Goal of the exercise >>
Scan the records below for the line with "with \<open>n \<noteq>" and the line with "ereal D \<and>". Repeat those two lines and every line between them exactly, and nothing else.

** Exercise input follows **

lemma det_to_mat_eq_prod_pivots:
  assumes "elim_defined n C"
  shows "det (to_mat n C) = (\<Prod>k=1..n. ge C k k k)"
proof -
  have "det (to_mat n (lu_lower C)) = 1"
    by (subst det_lower_triangular[of n]) (auto simp: lu_lower_def prod_list_diag_prod)
  moreover have "det (to_mat n (lu_upper C)) = (\<Prod>k=1..n. ge C k k k)"
    by (subst det_upper_triangular[of _ n])
       (auto simp: lu_upper_def upper_triangular_def prod_list_diag_prod prod.atLeast1_atMost_eq
             atLeast0LessThan)
  ultimately show ?thesis
    unfolding to_mat_eq_lu[OF assms] det_mult[OF to_mat_carrier to_mat_carrier] by simp
qed

lemma mat_invertible_iff_pivots_nonzero:
  "elim_defined n C \<Longrightarrow> mat_invertible n C \<longleftrightarrow> (\<forall>k\<in>{1..n}. ge C k k k \<noteq> 0)"
  by (simp add: mat_invertible_iff_det_nonzero det_to_mat_eq_prod_pivots)

lemma elim_definedI: "(\<And>k. k \<in> {1..n} \<Longrightarrow> ge C k k k \<noteq> 0) \<Longrightarrow> elim_defined n C"
  by (auto simp: elim_defined_def)

subsection \<open>Growth factors\<close>

definition stage_norms :: "(nat \<Rightarrow> nat \<Rightarrow> complex) \<Rightarrow> nat \<Rightarrow> real set" where
  "stage_norms C m = {cmod (ge C k i j) | k i j. k \<in> {1..m} \<and> i \<in> {k..m} \<and> j \<in> {k..m}}"

definition entry_norms :: "(nat \<Rightarrow> nat \<Rightarrow> complex) \<Rightarrow> nat \<Rightarrow> real set" where
  "entry_norms C m = {cmod (C i j) | i j. i \<in> {1..m} \<and> j \<in> {1..m}}"

lemma finite_stage_norms: "finite (stage_norms C m)"
proof -
  have "stage_norms C m \<subseteq> (\<lambda>(k, i, j). cmod (ge C k i j)) ` ({1..m} \<times> {1..m} \<times> {1..m})"
    unfolding stage_norms_def by (auto intro!: image_eqI[where x="(_, _, _)"])
  then show ?thesis by (rule finite_subset) simp
qed

lemma finite_entry_norms: "finite (entry_norms C m)"
proof -
  have "entry_norms C m \<subseteq> (\<lambda>(i, j). cmod (C i j)) ` ({1..m} \<times> {1..m})"
    unfolding entry_norms_def by (auto simp: image_iff)
  then show ?thesis by (rule finite_subset) simp
qed

lemma stage_norm_le_Max:
  "k \<in> {1..m} \<Longrightarrow> i \<in> {k..m} \<Longrightarrow> j \<in> {k..m} \<Longrightarrow> cmod (ge C k i j) \<le> Max (stage_norms C m)"
  by (rule Max_ge[OF finite_stage_norms]) (unfold stage_norms_def, blast)

lemma entry_norm_le_Max: "i \<in> {1..m} \<Longrightarrow> j \<in> {1..m} \<Longrightarrow> cmod (C i j) \<le> Max (entry_norms C m)"
  by (rule Max_ge[OF finite_entry_norms]) (auto simp: entry_norms_def)

lemma Max_stage_norms_le:
  assumes "m \<ge> 1" "\<And>k i j. k \<in> {1..m} \<Longrightarrow> i \<in> {k..m} \<Longrightarrow> j \<in> {k..m} \<Longrightarrow> cmod (ge C k i j) \<le> b"
  shows "Max (stage_norms C m) \<le> b"
proof -
  have "stage_norms C m \<noteq> {}" using assms(1) by (auto simp: stage_norms_def)
  then show ?thesis using finite_stage_norms assms(2) by (subst Max_le_iff) (auto simp: stage_norms_def)
qed
section \<open>Uniform convergence of the iterates\<close>

lemma dist_pure_le:
  assumes y: "y \<in> Z" and f: "fst y = actvec \<alpha>"
  shows "dist y (pure \<alpha>) \<le> 2 * defect \<alpha> y"
proof -
  have "dist y (pure \<alpha>) = norm (snd y - actvec \<alpha>)"
    using f unfolding pure_def by (cases y) (simp add: dist_Pair_Pair dist_norm)
  also have "\<dots> \<le> (\<Sum>i\<in>UNIV. norm ((snd y - actvec \<alpha>) $ i))"
    unfolding norm_vec_def by (rule L2_set_le_sum) auto
  also have "\<dots> \<le> (\<Sum>i\<in>UNIV. 2 * (1 - snd y $ i $ \<alpha> i))"
  proof (rule sum_mono)
    fix i
    let ?x = "snd y $ i"
    have "norm ((snd y - actvec \<alpha>) $ i) \<le> (\<Sum>k\<in>UNIV. \<bar>?x $ k - (if k = \<alpha> i then 1 else 0)\<bar>)"
      using norm_le_l1_cart[of "(snd y - actvec \<alpha>) $ i"] by (simp add: actvec_nth)
    also have "\<dots> = \<bar>?x $ \<alpha> i - 1\<bar> + (\<Sum>k\<in>UNIV - {\<alpha> i}. ?x $ k)"
      using state_nonneg[OF y] by (simp add: sum.remove[of UNIV "\<alpha> i"])
    also have "(\<Sum>k\<in>UNIV - {\<alpha> i}. ?x $ k) = 1 - ?x $ \<alpha> i"
      using state_sum[OF y, of i] by (simp add: sum_diff1)
    also have "\<bar>?x $ \<alpha> i - 1\<bar> = 1 - ?x $ \<alpha> i" using state_le_1[OF y] by simp
    finally show "norm ((snd y - actvec \<alpha>) $ i) \<le> 2 * (1 - snd y $ i $ \<alpha> i)" by simp
  qed
  also have "\<dots> = 2 * defect \<alpha> y" unfolding defect_def by (simp add: sum_distrib_left)
  finally show ?thesis .
qed
lemma exists_least_power_le:
  fixes l \<delta> :: real
  assumes "0 < l" "l < 1" "0 < \<delta>" "\<delta> < 1"
  obtains n where "l ^ n \<le> \<delta>" and "\<And>j. j < n \<Longrightarrow> \<delta> < l ^ j" and "real n \<le> 1 + ln \<delta> / ln l"
proof -
  have ex: "\<exists>n. l ^ n \<le> \<delta>"
    using real_arch_pow_inv[OF assms(3,2)] less_imp_le by blast
  define n where "n = (LEAST n. l ^ n \<le> \<delta>)"
  have n: "l ^ n \<le> \<delta>"
    unfolding n_def by (rule LeastI_ex[OF ex])
  have below_n: "\<delta> < l ^ j" if "j < n" for j
    using not_less_Least[of j "\<lambda>n. l ^ n \<le> \<delta>"] that unfolding n_def by auto
  have "n \<noteq> 0"
    using n assms(4) by (cases n) auto
  then have "ln \<delta> < ln (l ^ (n - 1))"
    using below_n[of "n - 1"] assms by simp
  then have "real (n - 1) * ln l > ln \<delta>"
    by (simp add: ln_realpow)
  then have "real (n - 1) \<le> ln \<delta> / ln l"
    using assms(1,2) by (simp add: le_divide_eq)
  with \<open>n \<noteq> 0\<close> have "real n \<le> 1 + ln \<delta> / ln l"
    by (simp add: of_nat_diff)
  with n below_n show thesis by (rule that)
qed

lemma box_dims_eq_if_tendsto:
  assumes "((\<lambda>\<delta>. ln (real (mesh_count \<delta> E)) / (- ln \<delta>)) \<longlongrightarrow> D) (at_right 0)"
  shows "upper_box_dim E = ereal D \<and> lower_box_dim E = ereal D"
  using tendsto_iff_Liminf_eq_Limsup[OF trivial_limit_at_right_real] tendsto_ereal[OF assms]
  unfolding upper_box_dim_def lower_box_dim_def by blast

lemma tendsto_ln_ratio_sandwich:
  fixes f :: "real \<Rightarrow> real"
  assumes "\<forall>\<^sub>F \<delta> in at_right 0. D * (- ln \<delta>) - A \<le> f \<delta>"
    and "\<forall>\<^sub>F \<delta> in at_right 0. f \<delta> \<le> D * (- ln \<delta>) + B + ln (- ln \<delta>)"
  shows "((\<lambda>\<delta>. f \<delta> / (- ln \<delta>)) \<longlongrightarrow> D) (at_right 0)"
proof (rule tendsto_sandwich)
  have "\<forall>\<^sub>F \<delta> in at_right 0. 0 < - ln (\<delta> :: real)"
    by (rule eventually_at_rightI[of 0 1]) auto
  note ln_neg = this
  show "\<forall>\<^sub>F \<delta> in at_right 0. (D * (- ln \<delta>) - A) / (- ln \<delta>) \<le> f \<delta> / (- ln \<delta>)"
    using ln_neg assms(1) by eventually_elim (rule divide_right_mono, auto)
  show "\<forall>\<^sub>F \<delta> in at_right 0. f \<delta> / (- ln \<delta>) \<le> (D * (- ln \<delta>) + B + ln (- ln \<delta>)) / (- ln \<delta>)"
    using ln_neg assms(2) by eventually_elim (rule divide_right_mono, auto)
  show "((\<lambda>\<delta>. (D * (- ln \<delta>) - A) / (- ln \<delta>)) \<longlongrightarrow> D) (at_right 0)"
    and "((\<lambda>\<delta>. (D * (- ln \<delta>) + B + ln (- ln \<delta>)) / (- ln \<delta>)) \<longlongrightarrow> D) (at_right 0)"
    by real_asymp+
qed

lemma mesh_boxes_Un: "mesh_boxes \<delta> (A \<union> B) = mesh_boxes \<delta> A \<union> mesh_boxes \<delta> B"
  by (simp add: mesh_boxes_def image_Un)

lemma mesh_boxes_UN: "mesh_boxes \<delta> (\<Union>i\<in>I. A i) = (\<Union>i\<in>I. mesh_boxes \<delta> (A i))"
  by (simp add: mesh_boxes_def image_UN)

definition word_columns :: "real \<Rightarrow> real \<Rightarrow> nat \<Rightarrow> int set" where
  "word_columns l \<delta> k = (\<lambda>w. \<lfloor>word_point l w / \<delta>\<rfloor>) ` {w. length w = k}"

lemma finite_word_columns: "finite (word_columns l \<delta> k)"
  by (simp add: word_columns_def finite_bool_lists_length)

lemma card_word_columns_le:
  assumes "0 < \<delta>" and "\<delta> \<le> 1" and "0 \<le> l" and "l \<le> 1"
  shows "real (card (word_columns l \<delta> k)) \<le> min (2 ^ k) (2 / \<delta>)"
proof -
  have "card (word_columns l \<delta> k) \<le> 2 ^ k"
    unfolding word_columns_def
    using card_image_le[OF finite_bool_lists_length] by (metis card_bool_lists_length)
  moreover have "word_columns l \<delta> k \<subseteq> {0..\<lfloor>1 / \<delta>\<rfloor>}"
    unfolding word_columns_def
    using word_point_bounds[OF assms(3,4)] assms(1) by (auto intro!: floor_mono divide_right_mono)
  then have "card (word_columns l \<delta> k) \<le> card {0..\<lfloor>1 / \<delta>\<rfloor>}"
    by (rule card_mono[rotated]) simp
  moreover have "1 / \<delta> + 1 \<le> 2 / \<delta>"
    using assms(1,2) by (simp add: le_divide_eq algebra_simps)
  ultimately show ?thesis
    using card_floor_range_le[of "1 / \<delta>"] assms(1) by (simp del: card_atLeastAtMost_int)
qed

** End of Exercise input **

Solved exercise >>
  with \<open>n \<noteq> 0\<close> have "real n \<le> 1 + ln \<delta> / ln l"
    by (simp add: of_nat_diff)
  with n below_n show thesis by (rule that)
qed

lemma box_dims_eq_if_tendsto:
  assumes "((\<lambda>\<delta>. ln (real (mesh_count \<delta> E)) / (- ln \<delta>)) \<longlongrightarrow> D) (at_right 0)"
  shows "upper_box_dim E = ereal D \<and> lower_box_dim E = ereal D"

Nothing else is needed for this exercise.